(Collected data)
++++++++++

(* Let $\Gamma\subseteq A$ be $\Bbbk$-algebras, $\sim$ an equivalence relation on $\mathrm{cfs}(\Gamma)$, with $\Gamma$ a strong Harish-Chandra block subalgebra of $A$ with respect to $\sim$. For $B,C,D\in\mathrm{cfs}(\Gamma)/{\sim}$, the composition rule described in the context yields a well-defined (independent of all choices) $(\Gamma,\Gamma)$-bimodule map $\mathcal A(C,D)\otimes_\Gamma\mathcal A(B,C)\to\mathcal A(B,D)$; it is associative, satisfies $\gamma.\alpha=(\gamma)\circ\alpha$ and $\alpha.\gamma=\alpha\circ(\gamma)$ for $\gamma\in\Gamma$, and makes $\mathcal A$ a category with identity morphisms $(1)\in\mathcal A(B,B)$.
   Context: $\mathrm{cfs}(\Gamma)$: maximal two-sided ideals $\mathfrak m$ with $\dim\Gamma/\mathfrak m<\infty$. For a class $B$, $\mathcal W(B)=\{\mathfrak m_1\cdots\mathfrak m_k:k\ge0,\mathfrak m_i\in B\}$. For a left $\Gamma$-module $V$, $V(B)=\{v:\mathfrak mv=0$ for some $\mathfrak m\in\mathcal W(B)\}$, and for a right module $V(B)=\{v:v\mathfrak m=0$ for some $\mathfrak m\in\mathcal W(B)\}$; $V$ is a strong block module if $V=\bigoplus_BV(B)$ and each $V(B)$ is killed by some $\mathfrak m\in\mathcal W(B)$. $\Gamma$ is a strong Harish-Chandra block subalgebra of $A$ if for all $B$, $\mathfrak m\in\mathcal W(B)$, the left module $A/A\mathfrak m$ and right module $A/\mathfrak mA$ are strong block modules. $\mathcal A(B,C)=\varprojlim_{\mathfrak n\in\mathcal W(C),\mathfrak m\in\mathcal W(B)}A/(\mathfrak nA+A\mathfrak m)$; for $\alpha\in\mathcal A(B,C)$, $\alpha_{\mathfrak m,\mathfrak n}$ is its image in $A/(\mathfrak nA+A\mathfrak m)$, and $(a)$ is the image of $a\in A$. Composition: for $\mathfrak m\in\mathcal W(B)$, $\mathfrak l\in\mathcal W(D)$, choose $\mathfrak n\in\mathcal W(C)$ such that the natural maps give bimodule isomorphisms $A/(\mathfrak lA+A\mathfrak n)\cong(A/\mathfrak lA)(C)$ and $A/(\mathfrak nA+A\mathfrak m)\cong(A/A\mathfrak m)(C)$ (such $\mathfrak n$ exists); given $\alpha\in\mathcal A(B,C)$, $\beta\in\mathcal A(C,D)$ choose $a_0,b_0\in A$ with $\alpha_{\mathfrak m,\mathfrak n}=a_0+\mathfrak nA+A\mathfrak m$, $a_0+A\mathfrak m\in(A/A\mathfrak m)(C)$, $\beta_{\mathfrak n,\mathfrak l}=b_0+\mathfrak lA+A\mathfrak n$, $b_0+\mathfrak lA\in(A/\mathfrak lA)(C)$, and define $(\beta\circ\alpha)_{\mathfrak m,\mathfrak l}=b_0a_0+\mathfrak lA+A\mathfrak m$. *)

theory Defs
  imports Complex_Main
begin

text \<open>The ambient algebra A is the whole type 'a (a ring with 1), made into an
 associative unital k-algebra by a scalar action scale of a field 'k.  The subalgebra Gamma is
 a subset G of 'a.  Classes of the equivalence relation on cfs(Gamma) are sets of ideals.\<close>

definition k_algebra :: "('k::field \<Rightarrow> 'a::ring_1 \<Rightarrow> 'a) \<Rightarrow> bool" where
  "k_algebra scale \<longleftrightarrow> module scale \<and>
     (\<forall>c x y. scale c (x * y) = scale c x * y) \<and> (\<forall>c x y. scale c (x * y) = x * scale c y)"

definition subalgebra :: "('k::field \<Rightarrow> 'a::ring_1 \<Rightarrow> 'a) \<Rightarrow> 'a set \<Rightarrow> bool" where
  "subalgebra scale G \<longleftrightarrow> 0 \<in> G \<and> 1 \<in> G \<and> (\<forall>x\<in>G. \<forall>y\<in>G. x + y \<in> G \<and> x * y \<in> G) \<and>
     (\<forall>x\<in>G. - x \<in> G) \<and> (\<forall>c. \<forall>x\<in>G. scale c x \<in> G)"

definition two_sided_ideal :: "'a::ring_1 set \<Rightarrow> 'a set \<Rightarrow> bool" where
  "two_sided_ideal G I \<longleftrightarrow> I \<subseteq> G \<and> 0 \<in> I \<and> (\<forall>x\<in>I. \<forall>y\<in>I. x + y \<in> I) \<and> (\<forall>x\<in>I. - x \<in> I) \<and>
     (\<forall>g\<in>G. \<forall>x\<in>I. g * x \<in> I \<and> x * g \<in> I)"

definition maximal_ideal :: "'a::ring_1 set \<Rightarrow> 'a set \<Rightarrow> bool" where
  "maximal_ideal G I \<longleftrightarrow> two_sided_ideal G I \<and> I \<noteq> G \<and>
     (\<forall>J. two_sided_ideal G J \<and> I \<subseteq> J \<longrightarrow> J = I \<or> J = G)"

text \<open>dim (G / I) finite: finitely many elements of G span G modulo I.\<close>
definition finite_codim :: "('k::field \<Rightarrow> 'a::ring_1 \<Rightarrow> 'a) \<Rightarrow> 'a set \<Rightarrow> 'a set \<Rightarrow> bool" where
  "finite_codim scale G I \<longleftrightarrow>
     (\<exists>F. finite F \<and> F \<subseteq> G \<and> (\<forall>g\<in>G. \<exists>s\<in>module.span scale F. g - s \<in> I))"

definition cfs :: "('k::field \<Rightarrow> 'a::ring_1 \<Rightarrow> 'a) \<Rightarrow> 'a set \<Rightarrow> 'a set set" where
  "cfs scale G = {I. maximal_ideal G I \<and> finite_codim scale G I}"

definition ideal_mult :: "'a::ring_1 set \<Rightarrow> 'a set \<Rightarrow> 'a set" where
  "ideal_mult I J = {(\<Sum>i<(k::nat). f i * g i) | k f g. \<forall>i<k. f i \<in> I \<and> g i \<in> J}"

inductive_set Wset :: "'a::ring_1 set \<Rightarrow> 'a set set \<Rightarrow> 'a set set" for G B where
  W_one: "G \<in> Wset G B"
| W_mult: "m \<in> Wset G B \<Longrightarrow> p \<in> B \<Longrightarrow> ideal_mult m p \<in> Wset G B"

text \<open>A m (left ideal of A) and m A (right ideal of A), with A = UNIV.\<close>
definition lideal :: "'a::ring_1 set \<Rightarrow> 'a set" where
  "lideal m = {(\<Sum>i<(k::nat). a i * x i) | k a x. \<forall>i<k. x i \<in> m}"

definition rideal :: "'a::ring_1 set \<Rightarrow> 'a set" where
  "rideal m = {(\<Sum>i<(k::nat). x i * a i) | k a x. \<forall>i<k. x i \<in> m}"

text \<open>qI m n = n A + A m (m the right-hand index, n the left-hand index).\<close>
definition qI :: "'a::ring_1 set \<Rightarrow> 'a set \<Rightarrow> 'a set" where
  "qI m n = {x + y | x y. x \<in> rideal n \<and> y \<in> lideal m}"

definition coset :: "'a::ring_1 \<Rightarrow> 'a set \<Rightarrow> 'a set" where
  "coset a I = {y. y - a \<in> I}"

text \<open>Preimage in A of V(C) for the left Gamma-module V = A/N, resp. right module V = A/N.\<close>
definition lblock :: "'a::ring_1 set \<Rightarrow> 'a set \<Rightarrow> 'a set set \<Rightarrow> 'a set" where
  "lblock G N C = {a. \<exists>n\<in>Wset G C. \<forall>x\<in>n. x * a \<in> N}"

definition rblock :: "'a::ring_1 set \<Rightarrow> 'a set \<Rightarrow> 'a set set \<Rightarrow> 'a set" where
  "rblock G N C = {a. \<exists>n\<in>Wset G C. \<forall>x\<in>n. a * x \<in> N}"

text \<open>A/N is a strong block module (V = direct sum of the V(C), each killed by some element of W(C)),
  for the left resp. right Gamma-module structure; cls is the set of classes.\<close>
definition strong_block_left :: "'a::ring_1 set \<Rightarrow> 'a set set set \<Rightarrow> 'a set \<Rightarrow> bool" where
  "strong_block_left G cls N \<longleftrightarrow>
     (\<forall>a. \<exists>S f. finite S \<and> S \<subseteq> cls \<and> (\<forall>C\<in>S. f C \<in> lblock G N C) \<and> a - sum f S \<in> N) \<and>
     (\<forall>S f. finite S \<and> S \<subseteq> cls \<and> (\<forall>C\<in>S. f C \<in> lblock G N C) \<and> sum f S \<in> N \<longrightarrow>
        (\<forall>C\<in>S. f C \<in> N)) \<and>
     (\<forall>C\<in>cls. \<exists>n\<in>Wset G C. \<forall>a\<in>lblock G N C. \<forall>x\<in>n. x * a \<in> N)"

definition strong_block_right :: "'a::ring_1 set \<Rightarrow> 'a set set set \<Rightarrow> 'a set \<Rightarrow> bool" where
  "strong_block_right G cls N \<longleftrightarrow>
     (\<forall>a. \<exists>S f. finite S \<and> S \<subseteq> cls \<and> (\<forall>C\<in>S. f C \<in> rblock G N C) \<and> a - sum f S \<in> N) \<and>
     (\<forall>S f. finite S \<and> S \<subseteq> cls \<and> (\<forall>C\<in>S. f C \<in> rblock G N C) \<and> sum f S \<in> N \<longrightarrow>
        (\<forall>C\<in>S. f C \<in> N)) \<and>
     (\<forall>C\<in>cls. \<exists>n\<in>Wset G C. \<forall>a\<in>rblock G N C. \<forall>x\<in>n. a * x \<in> N)"

definition strong_HC_block :: "'a::ring_1 set \<Rightarrow> 'a set set set \<Rightarrow> bool" where
  "strong_HC_block G cls \<longleftrightarrow>
     (\<forall>B\<in>cls. \<forall>m\<in>Wset G B. strong_block_left G cls (lideal m) \<and> strong_block_right G cls (rideal m))"

text \<open>Elements of the inverse limit A(B,C): families alpha m n of cosets of n A + A m,
  indexed by m \<in> W(B), n \<in> W(C), compatible under the projections, and empty outside the index set
  (so that equality of families is equality of functions).\<close>
definition Alim :: "'a::ring_1 set \<Rightarrow> 'a set set \<Rightarrow> 'a set set \<Rightarrow> ('a set \<Rightarrow> 'a set \<Rightarrow> 'a set) set" where
  "Alim G B C = {\<alpha>.
     (\<forall>m n. m \<in> Wset G B \<and> n \<in> Wset G C \<longrightarrow> (\<exists>a. \<alpha> m n = coset a (qI m n))) \<and>
     (\<forall>m m' n n'. m \<in> Wset G B \<longrightarrow> m' \<in> Wset G B \<longrightarrow> n \<in> Wset G C \<longrightarrow> n' \<in> Wset G C \<longrightarrow>
        m \<subseteq> m' \<longrightarrow> n \<subseteq> n' \<longrightarrow> \<alpha> m n \<subseteq> \<alpha> m' n') \<and>
     (\<forall>m n. \<not> (m \<in> Wset G B \<and> n \<in> Wset G C) \<longrightarrow> \<alpha> m n = {})}"

definition lim_of :: "'a::ring_1 set \<Rightarrow> 'a set set \<Rightarrow> 'a set set \<Rightarrow> 'a \<Rightarrow> 'a set \<Rightarrow> 'a set \<Rightarrow> 'a set" where
  "lim_of G B C a = (\<lambda>m n. if m \<in> Wset G B \<and> n \<in> Wset G C then coset a (qI m n) else {})"

definition lim_add :: "('a::ring_1 set \<Rightarrow> 'a set \<Rightarrow> 'a set) \<Rightarrow> ('a set \<Rightarrow> 'a set \<Rightarrow> 'a set) \<Rightarrow> 'a set \<Rightarrow> 'a set \<Rightarrow> 'a set" where
  "lim_add \<alpha> \<beta> = (\<lambda>m n. {y. \<exists>x\<in>\<alpha> m n. \<exists>z\<in>\<beta> m n. y - (x + z) \<in> qI m n})"

definition lim_lmult :: "'a::ring_1 \<Rightarrow> ('a set \<Rightarrow> 'a set \<Rightarrow> 'a set) \<Rightarrow> 'a set \<Rightarrow> 'a set \<Rightarrow> 'a set" where
  "lim_lmult g \<alpha> = (\<lambda>m n. {y. \<exists>x\<in>\<alpha> m n. y - g * x \<in> qI m n})"

definition lim_rmult :: "('a::ring_1 set \<Rightarrow> 'a set \<Rightarrow> 'a set) \<Rightarrow> 'a \<Rightarrow> 'a set \<Rightarrow> 'a set \<Rightarrow> 'a set" where
  "lim_rmult \<alpha> g = (\<lambda>m n. {y. \<exists>x\<in>\<alpha> m n. y - x * g \<in> qI m n})"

++++++++++

*THE PROBLEM*: Return each line in the records that holds the string "Alim".

*SOLUTION TO THE PROBLEM*:
definition Alim :: "'a::ring_1 set \<Rightarrow> 'a set set \<Rightarrow> 'a set set \<Rightarrow> ('a set \<Rightarrow> 'a set \<Rightarrow> 'a set) set" where
  "Alim G B C = {\<alpha>.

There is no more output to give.